The outages in Mary Region began in mid-June, as temperatures pushed past 40 degrees Celsius, according to Turkmen.news and RFE/RL’s Turkmen service. Residents said power was cut three to four hours at a time, almost every day, leaving air conditioners, refrigerators and water pumps useless. In Bayramaly district, locals said the voltage drops so low that a fridge will not run.
On 17 June, several hundred people, most of them women, gathered outside the regional administration in Mary and demanded to see the governor. In a country counted among the world’s most repressive, where protest is rare and dissent is punished, that alone was striking. Police were sent to disperse them. The crowd stayed. The governor came out and promised a fix.

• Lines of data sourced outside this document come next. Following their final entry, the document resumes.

definition connected_graph :: "'a set \<Rightarrow> 'a set set \<Rightarrow> bool" where
  "connected_graph V E \<longleftrightarrow> graph V E \<and> V \<noteq> {} \<and> (\<forall>u\<in>V. \<forall>v\<in>V. reachable E u v)"

definition bipartition :: "'a set \<Rightarrow> 'a set set \<Rightarrow> 'a set \<Rightarrow> 'a set \<Rightarrow> bool" where
  "bipartition V E X Y \<longleftrightarrow> X \<union> Y = V \<and> X \<inter> Y = {} \<and>
     (\<forall>e\<in>E. \<forall>u\<in>e. \<forall>v\<in>e. u \<noteq> v \<longrightarrow> \<not> (u \<in> X \<and> v \<in> X) \<and> \<not> (u \<in> Y \<and> v \<in> Y))"

definition subgraph :: "'a set \<Rightarrow> 'a set set \<Rightarrow> 'a set \<Rightarrow> 'a set set \<Rightarrow> bool" where
  "subgraph VH EH V E \<longleftrightarrow> VH \<subseteq> V \<and> EH \<subseteq> E \<and> (\<forall>e\<in>EH. e \<subseteq> VH)"

definition degree :: "'a set set \<Rightarrow> 'a \<Rightarrow> nat" where
  "degree E v = card {e \<in> E. v \<in> e}"

definition comp_verts :: "'a set \<Rightarrow> 'a set set \<Rightarrow> 'a \<Rightarrow> 'a set" where
  "comp_verts V E v = {w \<in> V. reachable E v w}"

definition comp_edges :: "'a set \<Rightarrow> 'a set set \<Rightarrow> 'a \<Rightarrow> 'a set set" where
  "comp_edges V E v = {e \<in> E. e \<subseteq> comp_verts V E v}"

definition star_with_center :: "'a set \<Rightarrow> 'a set set \<Rightarrow> 'a \<Rightarrow> nat \<Rightarrow> bool" where
  "star_with_center C EC c m \<longleftrightarrow> finite C \<and> c \<in> C \<and> card C = m + 1 \<and>
     EC = {{c, v} | v. v \<in> C - {c}}"

text \<open>(C, EC) is K_{1,m} with every edge subdivided once: center c, subdivision
  vertices S (|S| = m), each s in S joined to c and to its own leaf f s.\<close>
definition subdivided_star_with_center :: "'a set \<Rightarrow> 'a set set \<Rightarrow> 'a \<Rightarrow> nat \<Rightarrow> bool" where
  "subdivided_star_with_center C EC c m \<longleftrightarrow>
     (\<exists>S f. finite S \<and> card S = m \<and> c \<notin> S \<and> inj_on f S \<and> f ` S \<inter> (S \<union> {c}) = {} \<and>
        C = {c} \<union> S \<union> f ` S \<and>
        EC = {{c, s} | s. s \<in> S} \<union> {{s, f s} | s. s \<in> S})"

end

theory Submission
  imports Defs "HOL-Library.Disjoint_Sets"
begin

The state’s follow-up was personnel. Inspections led to the dismissal of several local officials, and authorities promised to replace worn-out transformers in Bayramaly. Residents say the cuts have continued and that no upgrades have been announced for other districts. Some locals allege officials had been diverting power to commercial clients for payment while rationing homes.
Turkmenistan sells gas to China by the pipeline. It cannot reliably light a region of its own.
The irony writes itself, and it runs deeper than irony. Turkmenistan sits on the fourth-largest gas reserves on earth and ships gas to China by pipeline. It cannot reliably light a region of its own, because the money goes into export infrastructure while the domestic grid is left to age. Firing a governor’s deputies does not buy a transformer.
This is the same story the region keeps telling in different accents. Kazakhstan loses a fifth of its power in old lines. Kyrgyzstan rations in winter. Turkmenistan blacks out in summer. The grids across Central Asia were built in Soviet decades for Soviet loads, and the bill for thirty years of deferred maintenance is coming due as the heat rises and the appliances multiply. The fix is unglamorous and costly, and it does not photograph like a pipeline deal.